The cross of Drosophila melanogaster females to D. simulans males typically produces lethal F(1) hybrid males. F(1) male lethality is suppressed when the D. simulans Lhr(1) hybrid rescue strain is used. Viability of these F(1) males carrying Lhr(1) is in turn substantially reduced when the hybrids are heterozygous for some mutant alleles of the D. melanogaster Nup96 gene. I show here that similar patterns of Nup96-dependent lethality occur when other hybrid rescue mutations are used to create F(1) males, demonstrating that Nup96 does not reduce hybrid viability by suppressing the Lhr(1) rescue effect. The penetrance of this Nup96-dependent lethality does not correlate with the penetrance of the F(1) hybrid rescue, arguing that these two phenomena reflect genetically independent processes. D. simulans, together with two additional sister species, forms a clade that speciated after the divergence of their common ancestor from D. melanogaster. I report here that Nup96(-) reduces F(1) viability in D. melanogaster hybrids with one of these sister species, D. sechellia, but not with the other, D. mauritiana. These results suggest that Nup96-dependent lethality evolved after the speciation of D. melanogaster from the common ancestor of the simulans clade and is caused by an interaction among Nup96, unknown gene(s) on the D. melanogaster X chromosome, and unknown autosomal gene(s), at least some of which have diverged in D. simulans and D. sechellia but not in D. mauritiana. The genetic properties of Nup96 are also discussed relative to other hybrid lethal genes.

Figure 1.—

Viability effects tested in this study. Only the sex and third chromosomal genotypes are shown. “Rescue” represents either the In(1)AB or the Df(1)Hmr⁻ hybrid rescue mutation. FM6/Y hybrid sons are lethal since they do not carry a rescue mutation.
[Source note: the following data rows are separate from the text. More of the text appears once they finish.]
lemma circulations_of_every_size:
  assumes "3 \<le> d" and "2 \<le> m" and "m + 2 \<le> d * (d - 1)"
  shows "\<exists>E\<subseteq>offdiag d. card E = m \<and> circulation E"
proof -
  define U where "U = {(a, b). a < b \<and> b < d}"
  have "finite U" by (rule finite_subset[of _ "{..<d} \<times> {..<d}"]) (auto simp: U_def)
  have U_swap: "U \<inter> prod.swap ` U = {}" "U \<union> prod.swap ` U = offdiag d"
    by (auto simp: U_def offdiag_def image_iff)
  then have "2 * card U = d * (d - 1)"
    using circulation_swap_closure(2)[OF \<open>finite U\<close>] card_offdiag by metis
  then have card_U: "m + 2 \<le> 2 * card U" using assms(3) by simp
  have pairs: "\<exists>E\<subseteq>offdiag d. card E = 2 * card F \<and> circulation E \<and> E \<inter> T = {}"
    if "F \<subseteq> U" and "F \<inter> T = {}" and "prod.swap ` F \<inter> T = {}" for F T
  proof -
    have "finite F" using that(1) \<open>finite U\<close> finite_subset by blast
    moreover have "F \<inter> prod.swap ` F = {}" using that(1) U_swap(1) by blast
    ultimately have "circulation (F \<union> prod.swap ` F)" "card (F \<union> prod.swap ` F) = 2 * card F"
      by (rule circulation_swap_closure)+
    moreover have "F \<union> prod.swap ` F \<subseteq> offdiag d" using that(1) U_swap(2) by blast
    ultimately show ?thesis using that(2,3) by (intro exI[of _ "F \<union> prod.swap ` F"]) blast
  qed
  show ?thesis
  proof (cases "even m")
    case True
    then obtain j where "m = 2 * j" by blast
    moreover have "j \<le> card U" using card_U \<open>m = 2 * j\<close> by linarith
    then obtain F where "F \<subseteq> U" "card F = j" by (rule obtain_subset_with_card_n)
    ultimately show ?thesis using pairs[of F "{}"] by auto
  next
    case False
    define T where "T = {(0, 1), (1, 2), (2, 0) :: nat \<times> nat}"
    define U' where "U' = U - {(0, 1), (1, 2), (0, 2)}"
    have "{(0, 1), (1, 2), (0, 2)} \<subseteq> U" using assms(1) by (auto simp: U_def)
    then have "card U' = card U - 3" using \<open>finite U\<close> by (simp add: U'_def card_Diff_subset)
    have "\<exists>j. m = 2 * j + 3" using False assms(2) by presburger
    then obtain j where j: "m = 2 * j + 3" by blast
    have "j \<le> card U'" using card_U \<open>card U' = card U - 3\<close> unfolding j by presburger
    then obtain F where "F \<subseteq> U'" "card F = j" by (rule obtain_subset_with_card_n)
    then have F: "F \<subseteq> U'" "2 * card F + 3 = m" using j by simp_all
    obtain E where E: "E \<subseteq> offdiag d" "card E = 2 * card F" "circulation E" "E \<inter> T = {}"
      using pairs[of F T] F(1) by (force simp: U'_def U_def T_def)
    have "T \<subseteq> offdiag d" using assms(1) by (auto simp: T_def offdiag_def)
    moreover have "finite E" using finite_subset[OF E(1) finite_offdiag] .
    then have "card (T \<union> E) = m" using E F(2) by (simp add: card_Un_disjoint T_def)
    moreover have "circulation (T \<union> E)"
      using circulation_Un[OF \<open>finite E\<close> _ E(4) E(3) circulation_triangle[folded T_def]]
      by (simp add: T_def Un_commute)
    ultimately show ?thesis using E(1) by (intro exI[of _ "T \<union> E"]) auto
  qed
qed

section \<open>The points q (1, ..., 1) + e_a - e_b\<close>

definition tilt :: "nat \<Rightarrow> nat \<Rightarrow> nat \<times> nat \<Rightarrow> nat \<Rightarrow> int" where
  "tilt d q e = (\<lambda>i. if i < d then int q + of_bool (i = fst e) - of_bool (i = snd e) else 0)"

lemma tilt_nonneg: "1 \<le> q \<Longrightarrow> 0 \<le> tilt d q e i"
  by (simp add: tilt_def)

lemma abs_tilt: "1 \<le> q \<Longrightarrow> \<bar>tilt d q e i\<bar> = tilt d q e i"
  by (simp add: tilt_nonneg)

lemma tilt_in_sphere_prim:
  assumes "3 \<le> d" and "1 \<le> q" and "e \<in> offdiag d"
  shows "tilt d q e \<in> sphere_prim d (d * q)"
proof -
  obtain a b where e: "e = (a, b)" "a < d" "b < d" "a \<noteq> b"
    using assms(3) by (auto simp: offdiag_def)
  have "\<not> {..<d} \<subseteq> {a, b}"
    using card_mono[of "{a, b}" "{..<d}"] assms(1) e(4) by auto
  then obtain c where c: "c < d" "c \<noteq> a" "c \<noteq> b" by auto
  have "Gcd (tilt d q e ` {..<d}) dvd tilt d q e a - tilt d q e c"
    using e(2) c(1) by (intro dvd_diff Gcd_dvd) auto
  then have "Gcd (tilt d q e ` {..<d}) = 1"
    using e c by (simp add: tilt_def)
  moreover have "lead_pos d (tilt d q e)"
    using assms(2) e by (intro lead_pos_nonneg) (auto simp: tilt_nonneg tilt_def intro!: exI[of _ a])
  moreover have "l1norm d (tilt d q e) = (\<Sum>i<d. int q + of_bool (i = a) - of_bool (i = b))"
    unfolding l1norm_def abs_tilt[OF assms(2)] by (simp add: e tilt_def)
  then have "l1norm d (tilt d q e) = int (d * q)"
    using e by (simp add: sum.distrib sum_subtractf of_bool_def)
  ultimately show ?thesis by (simp add: sphere_prim_def prim_pts_iff tilt_def)
qed

lemma inj_on_tilt: "inj_on (tilt d q) (offdiag d)"
proof (rule inj_onI)
  fix e e' assume "e \<in> offdiag d" "e' \<in> offdiag d" and eq: "tilt d q e = tilt d q e'"
  then obtain a b a' b' where "e = (a, b)" "e' = (a', b')" "a < d" "b < d" "a \<noteq> b" "a' \<noteq> b'"
    by (auto simp: offdiag_def)
  moreover have "tilt d q e a = tilt d q e' a" and "tilt d q e b = tilt d q e' b"
    using eq by simp_all
  ultimately show "e = e'" by (auto simp: tilt_def of_bool_def split: if_splits)
qed

lemma rot_offdiag: "e \<in> offdiag d \<Longrightarrow> (Suc (fst e) mod d, Suc (snd e) mod d) \<in> offdiag d"
  by (auto simp: offdiag_def mod_Suc split: if_splits)

lemma pred_mod_eq_iff: "i < d \<Longrightarrow> a < d \<Longrightarrow> (i + d - 1) mod d = a \<longleftrightarrow> i = Suc a mod d"
  by (auto simp: pred_mod_eq[simplified] mod_Suc)

lemma prim_rot_tilt:
  assumes "1 \<le> q" and "e \<in> offdiag d"
  shows "prim_rot d (tilt d q e) = tilt d q (Suc (fst e) mod d, Suc (snd e) mod d)"
proof -
  let ?e' = "(Suc (fst e) mod d, Suc (snd e) mod d)"
  obtain a b where e: "e = (a, b)" "a < d" "b < d" using assms(2) by (auto simp: offdiag_def)
  have "coord_rot d (tilt d q e) i = tilt d q ?e' i" for i
    using e by (cases "i < d") (simp_all add: coord_rot_def tilt_def pred_mod_eq_iff[simplified])
  then have rot: "coord_rot d (tilt d q e) = tilt d q ?e'" ..
  have "?e' \<in> offdiag d" using rot_offdiag[OF assms(2)] .
  then have "lead_pos d (tilt d q ?e')"
    using assms(1) by (intro lead_pos_nonneg) (auto simp: tilt_nonneg tilt_def offdiag_def)
  then show ?thesis by (simp add: prim_rot_def sign_norm_def rot)
qed

lemma col_sum_tilt_image:
  assumes "1 \<le> q" and "E \<subseteq> offdiag d" and "i < d"
  shows "col_sum (tilt d q ` E) i
    = int (card E) * int q + (\<Sum>(a, b)\<in>E. of_bool (a = i) - of_bool (b = i))"
proof -
  have "col_sum (tilt d q ` E) i = (\<Sum>e\<in>E. tilt d q e i)"
    using sum.reindex[OF inj_on_subset[OF inj_on_tilt assms(2)], of "\<lambda>x. \<bar>x i\<bar>"]
    by (simp add: col_sum_def abs_tilt[OF assms(1)])
  also have "\<dots> = (\<Sum>e\<in>E. int q + (case e of (a, b) \<Rightarrow> of_bool (a = i) - of_bool (b = i)))"
    using assms(3) by (intro sum.cong) (auto simp: tilt_def split: prod.splits)
  finally show ?thesis by (simp add: sum.distrib)
qed

lemma balanced_tilt_image:
  assumes "1 \<le> q" and "E \<subseteq> offdiag d" and "circulation E"
  shows "balanced d q (tilt d q ` E)"
  using assms col_sum_tilt_image[OF assms(1,2)] card_image[OF inj_on_subset[OF inj_on_tilt assms(2)]]
  by (simp add: balanced_def circulation_def)

lemma card_sphere_prim_ge:
  assumes "3 \<le> d" and "1 \<le> q"
  shows "d * (d - 1) \<le> card (sphere_prim d (d * q))"
proof -
  have "tilt d q ` offdiag d \<subseteq> sphere_prim d (d * q)"
    using tilt_in_sphere_prim[OF assms] by blast
  then show ?thesis
    using card_mono[OF finite_sphere_prim] card_image[OF inj_on_tilt] card_offdiag by metis
qed

lemma balanced_sphere_prim: "0 < d \<Longrightarrow> balanced d q (sphere_prim d (d * q))"
  by (rule balanced_if_prim_rot_invariant) (auto simp: finite_sphere_prim prim_rot_sphere_prim)
(* Let $c\in\,]0,1[$ and $r=1-c$. For every real $t\ge 1$: (i) for all $\lambda\in[0,r]$, $\lambda^{2t}\le \lambda e^{-ct}$; (ii) for all $\lambda\in[r,1]$, $\lambda^{2t}\le e^{(\lambda-1)t}-e^{-ct}+\lambda e^{-ct}$; (iii) for all $\lambda\in[0,1]$, $e^{-2t}\big(e^{2\lambda t}-1\big)\le 2\lambda t e^{-t}+\lambda^{t}$. *)

theory Defs
  imports Complex_Main
begin

end

theory Submission
  imports Defs
begin

text \<open>All three bounds come from comparing logarithms with linear functions: \<open>\<lambda> \<le> e\<^bsup>\<lambda>-1\<^esup>\<close>
  gives \<open>\<lambda>\<^bsup>2t\<^esup> \<le> \<lambda>\<^sup>t\<lambda> \<le> \<lambda> e\<^bsup>(\<lambda>-1)t\<^esup>\<close> on \<open>[0,1]\<close>, which yields (i) and (ii) because
  \<open>\<lambda> - 1 \<le> -c\<close> resp. \<open>\<lambda> - 1 \<ge> -c\<close>. For (iii), the left-hand side is at most
  \<open>2\<lambda>t e\<^bsup>(2\<lambda>-2)t\<^esup>\<close> (from \<open>e\<^sup>x - 1 \<le> x e\<^sup>x\<close>), which is small for \<open>\<lambda> \<le> 1/2\<close>, and at most
  \<open>e\<^bsup>2(\<lambda>-1)t\<^esup> \<le> \<lambda>\<^sup>t\<close> for \<open>\<lambda> \<ge> 1/2\<close>, where \<open>2(\<lambda>-1) \<le> ln \<lambda>\<close>.\<close>

lemma powr_le_exp_minus_one_mult:
  fixes l t :: real
  assumes "0 \<le> l" "0 \<le> t"
  shows "l powr t \<le> exp ((l - 1) * t)"
proof -
  have "l \<le> exp (l - 1)"
    using exp_ge_add_one_self[of "l - 1"] by simp
  hence "l powr t \<le> exp (l - 1) powr t"
    using assms by (intro powr_mono2) auto
  thus ?thesis by (simp add: exp_powr_real)
qed

lemma powr_two_mult_le_mult_exp:
  fixes l t :: real
  assumes "0 \<le> l" "l \<le> 1" "1 \<le> t"
  shows "l powr (2 * t) \<le> l * exp ((l - 1) * t)"
proof (cases "l = 0")
  case False
  hence "l powr (2 * t) = l * l powr (2 * t - 1)"
    using assms powr_add[of l 1 "2 * t - 1"] by simp
  also have "\<dots> \<le> l * l powr t"
    using assms by (intro mult_left_mono powr_mono') auto
  also have "\<dots> \<le> l * exp ((l - 1) * t)"
    using assms by (intro mult_left_mono powr_le_exp_minus_one_mult) auto
  finally show ?thesis .
qed simp

lemma exp_minus_one_le_mult_exp:
  fixes x :: real
  shows "exp x - 1 \<le> x * exp x"
proof -
  have "exp x * (1 - x) \<le> exp x * exp (- x)"
    using exp_ge_add_one_self[of "- x"] by (intro mult_left_mono) auto
  thus ?thesis by (simp add: exp_minus_inverse algebra_simps)
qed

lemma two_mult_minus_one_le_ln:
  fixes l :: real
  assumes "1/2 \<le> l" "l \<le> 1"
  shows "2 * (l - 1) \<le> ln l"
proof -
  have "2 * (l - 1) \<le> 1 - 1 / l"
    using assms mult_nonpos_nonpos[of "l - 1" "1 - 2 * l"] by (simp add: field_simps)
  also have "\<dots> = - (1 / l - 1)"
    by simp
  also have "\<dots> \<le> ln l"
    using ln_le_minus_one[of "1 / l"] assms by (simp add: ln_div)
  finally show ?thesis .
qed

lemma exp_le_powr_of_half_le:
  fixes l t :: real
  assumes "1/2 \<le> l" "l \<le> 1" "0 \<le> t"
  shows "exp (2 * (l - 1) * t) \<le> l powr t"
proof -
  have "2 * (l - 1) * t \<le> t * ln l"
    using two_mult_minus_one_le_ln[OF assms(1,2)] assms(3)
    by (simp add: mult.commute mult_left_mono)
  thus ?thesis using assms by (simp add: powr_def)
qed

lemma powr_two_mult_le_of_le_one_minus:
  fixes c t l :: real
  assumes "0 < c" "t \<ge> 1" "0 \<le> l" "l \<le> 1 - c"
  shows "l powr (2 * t) \<le> l * exp (- c * t)"
proof -
  have "l powr (2 * t) \<le> l * exp ((l - 1) * t)"
    using assms by (intro powr_two_mult_le_mult_exp) auto
  also have "\<dots> \<le> l * exp (- c * t)"
    using assms mult_right_mono[of "l - 1" "- c" t] by (intro mult_left_mono) auto
  finally show ?thesis .
qed

lemma powr_two_mult_le_of_one_minus_le:
  fixes c t l :: real
  assumes "t \<ge> 1" "1 - c \<le> l" "l \<le> 1" "0 \<le> l"
  shows "l powr (2 * t) \<le> exp ((l - 1) * t) - exp (- c * t) + l * exp (- c * t)"
proof -
  have "exp (- c * t) \<le> exp ((l - 1) * t)"
    using assms mult_right_mono[of "- c" "l - 1" t] by simp
  hence "(1 - l) * exp (- c * t) \<le> (1 - l) * exp ((l - 1) * t)"
    using assms by (intro mult_left_mono) auto
  moreover have "l powr (2 * t) \<le> l * exp ((l - 1) * t)"
    using assms by (intro powr_two_mult_le_mult_exp) auto
  ultimately show ?thesis by (simp add: algebra_simps)
qed

lemma exp_diff_le_of_le_half:
  fixes t l :: real
  assumes "t \<ge> 0" "0 \<le> l" "l \<le> 1/2"
  shows "exp (- 2 * t) * (exp (2 * l * t) - 1) \<le> 2 * l * t * exp (- t)"
proof -
  have "exp (- 2 * t) * (exp (2 * l * t) - 1) \<le> exp (- 2 * t) * (2 * l * t * exp (2 * l * t))"
    using exp_minus_one_le_mult_exp by (intro mult_left_mono) auto
  also have "\<dots> = 2 * l * t * exp ((2 * l - 2) * t)"
    by (simp add: exp_add[symmetric] algebra_simps)
  also have "\<dots> \<le> 2 * l * t * exp (- t)"
    using assms mult_right_mono[of "2 * l - 2" "- 1" t] by (intro mult_left_mono) auto
  finally show ?thesis .
qed

lemma exp_diff_le_mult_exp_plus_powr:
  fixes t l :: real
  assumes "t \<ge> 0" "0 \<le> l" "l \<le> 1"
  shows "exp (- 2 * t) * (exp (2 * l * t) - 1) \<le> 2 * l * t * exp (- t) + l powr t"
proof (cases "l \<le> 1/2")
  case True
  thus ?thesis using exp_diff_le_of_le_half[OF assms(1,2) True] powr_ge_zero[of l t] by linarith
next
  case False
  have "exp (- 2 * t) * (exp (2 * l * t) - 1) \<le> exp (2 * (l - 1) * t)"
    by (simp add: right_diff_distrib exp_add[symmetric] algebra_simps)
  also have "\<dots> \<le> l powr t"
    using False assms by (intro exp_le_powr_of_half_le) auto
  moreover have "0 \<le> 2 * l * t * exp (- t)"
    using assms by simp
  ultimately show ?thesis by linarith
qed

theorem lemma2:
  fixes c r t :: real
  assumes "0 < c" and "c < 1" and "r = 1 - c" and "t \<ge> 1"
  shows "(\<forall>l::real. 0 \<le> l \<and> l \<le> r \<longrightarrow>
            l powr (2 * t) \<le> l * exp (- c * t))
       \<and> (\<forall>l::real. r \<le> l \<and> l \<le> 1 \<longrightarrow>
            l powr (2 * t) \<le> exp ((l - 1) * t) - exp (- c * t) + l * exp (- c * t))
       \<and> (\<forall>l::real. 0 \<le> l \<and> l \<le> 1 \<longrightarrow>
            exp (- 2 * t) * (exp (2 * l * t) - 1) \<le> 2 * l * t * exp (- t) + l powr t)"
  using assms powr_two_mult_le_of_le_one_minus[of c t] powr_two_mult_le_of_one_minus_le[of t c] exp_diff_le_mult_exp_plus_powr[of t]
  by auto

end
(* Let $d,q\geq 2$ be integers. Then: (a) for every $\theta_w,\theta_1,\theta_0\in\mathbb{Z}$, the density $\delta(q,d;0,\theta_w,0,\theta_1,\theta_0)$ exists; (b) if $d\mid q^n$ for some $n\in\mathbb{N}$, then the density $\delta(q,d;\mathbf{s})$ exists for every $\mathbf{s}\in\mathbb{Z}^5$.
   Context: For an integer $q\geq 2$ and $n\in\mathbb{N}$: $v_q(0)=0$ and, for $n>0$, $v_q(n)=\max\{k: q^k\mid n\}$; $w_q(n)=\sum_{i=0}^n v_q(i)$; $u_q(n)=\sum_{i=0}^n w_q(i)$. For $\mathbf{s}=(\theta_u,\theta_w,\theta_2,\theta_1,\theta_0)\in\mathbb{Z}^5$, $\gamma(A,q,d;\mathbf{s})$ is the number of $n\in\mathbb{N}$, $n<A$, with $\theta_u u_q(n)+\theta_w w_q(n)+\theta_2\frac{n(n+1)}{2}+\theta_1 n+\theta_0\equiv 0\pmod d$, and $\delta(q,d;\mathbf{s})=\lim_{N\to\infty}\gamma(N,q,d;\mathbf{s})/N$ (when the limit exists). *)

theory Defs
  imports Complex_Main
begin

definition vq :: "nat \<Rightarrow> nat \<Rightarrow> nat" where
  "vq q n = (if n = 0 then 0 else (GREATEST k. q ^ k dvd n))"

definition wq :: "nat \<Rightarrow> nat \<Rightarrow> nat" where
  "wq q n = (\<Sum>i\<le>n. vq q i)"

definition uq :: "nat \<Rightarrow> nat \<Rightarrow> nat" where
  "uq q n = (\<Sum>i\<le>n. wq q i)"

definition seqval :: "nat \<Rightarrow> int \<times> int \<times> int \<times> int \<times> int \<Rightarrow> nat \<Rightarrow> int" where
  "seqval q s n = (case s of (tu, tw, t2, t1, t0) \<Rightarrow>
     tu * int (uq q n) + tw * int (wq q n) + t2 * int (n * (n + 1) div 2) + t1 * int n + t0)"

definition gamma :: "nat \<Rightarrow> nat \<Rightarrow> nat \<Rightarrow> int \<times> int \<times> int \<times> int \<times> int \<Rightarrow> nat" where
  "gamma A q d s = card {n. n < A \<and> (seqval q s n) mod (int d) = 0}"

definition density_exists :: "nat \<Rightarrow> nat \<Rightarrow> int \<times> int \<times> int \<times> int \<times> int \<Rightarrow> bool" where
  "density_exists q d s = convergent (\<lambda>N. real (gamma N q d s) / real N)"

end

theory Submission
  imports Defs "HOL-Computational_Algebra.Primes" "HOL-Number_Theory.Cong"
begin

(* The indicator of d dvd X is the average of e(j X / d) over j < d, with e(x) = exp(2 pi i x), so part (a)
   amounts to the convergence of the running means of e(alpha w(n) + beta n) for alpha, beta in (1/d)Z.
   Because w(q a + t) = a + w(a) for t < q, the sum of q^L N such terms factors into L digit sums
   Q(beta_i) = sum_{t<q} e(beta_i t) times a sum of the same shape with beta replaced by beta_L, where
   beta_(i+1) = alpha + q beta_i. Either the beta_i are eventually integers, and then so is alpha and the
   remaining sum is trivial, or infinitely many of them are non-integral elements of (1/d)Z, for which
   |Q(beta_i)| <= rho q with a uniform rho < 1, and the means tend to 0.
   For (b), if d dvd q^m then modulo d the sequence at q^(m+1) a + r depends only on r and on the residue
   of a (1 + q + ... + q^m) + w(a), so its density is a finite combination of densities from (a). *)

lemma sum_lessThan_add:
  fixes f :: "nat \<Rightarrow> 'a::comm_monoid_add"
  shows "(\<Sum>k<m + n. f k) = (\<Sum>k<m. f k) + (\<Sum>k<n. f (m + k))"
  by (induction n) (simp_all add: ac_simps)

lemma sum_lessThan_mult:
  fixes f :: "nat \<Rightarrow> 'a::comm_monoid_add"
  shows "(\<Sum>n<P * M. f n) = (\<Sum>a<M. \<Sum>r<P. f (P * a + r))"
proof (induction M)
  case (Suc M)
  have "P * Suc M = P * M + P" by simp
  with Suc show ?case by (simp only: sum_lessThan_add sum.lessThan_Suc)
qed simp

section \<open>Digits and the function w\<close>

lemma vq_eq_multiplicity:
  fixes q n :: nat
  assumes "q \<ge> 2"
  shows "vq q n = multiplicity q n"
proof (cases "n = 0")
  case False
  have "\<not> is_unit q" using assms by simp
  with False have "q ^ k dvd n \<longleftrightarrow> k \<le> multiplicity q n" for k
    by (simp add: power_dvd_iff_le_multiplicity)
  then have "(GREATEST k. q ^ k dvd n) = multiplicity q n"
    by (intro Greatest_equality) auto
  with False show ?thesis by (simp add: vq_def)
qed (simp add: vq_def)

lemma wq_0 [simp]: "wq q 0 = 0"
  by (simp add: wq_def vq_def)

lemma wq_Suc: "wq q (Suc n) = wq q n + vq q (Suc n)"
  by (simp add: wq_def)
Four surviving genotypes can be compared for viability with and without the Nup96⁻ mutation. (A) Comparison of F₁ hybrid females that have high viability due to the rescue mutation to confirm that Nup96⁻ does not cause lethality in females. (B) Comparison of F₁ hybrid females that have low viability due to the presence of D. melanogaster Hmr⁺ (Barbash et al. 2000). This genotype provides a more sensitive assay for possible effects of Nup96⁻ in female hybrids than the genotype in A. (C) Comparison of F₁ hybrid males carrying the D. melanogaster X chromosome to test whether Nup96-dependent lethality occurs with hybrid rescue mutations other than Lhr¹. (D) Comparison of F₁ hybrid males carrying the sibling-species X chromosome to confirm that lethality occurs only with the D. melanogaster X. This class of exceptional males is generated by nondisjunction in the female parents and was observed at high rates, presumably due to the presence of two balancer chromosomes. “Rescue”/FM6/Y hybrid females would also be produced by nondisjunction and were previously shown to be semiviable (Barbash et al. 2000). Such females would be distinguishable from FM6/X⁺ regular females by visible markers in crosses with Df(1)Hmr⁻ in Table 2; however, no such females were observed in this study.

Figure 2.—

Three evolutionary events leading to Nup96-dependent hybrid lethality. (1) Lethality requires X-linked gene(s) that have diverged on the D. melanogaster lineage because lethality occurs in hybrids with the D. melanogaster but not with the D. simulans or D. sechellia X chromosome (Presgraves et al. 2003; this study). (2) The divergence of Nup96 is inferred to have occurred before the divergence of D. simulans and D. mauritiana because all replacement substitutions in D. simulans are also found in D. mauritiana (Presgraves et al. 2003). (3) Results presented in this study suggest that additional genetic changes must have evolved to cause lethality only in D. melanogaster/D. simulans and D. melanogaster/D. sechellia hybrids but not in D. melanogaster/D. mauritiana hybrids.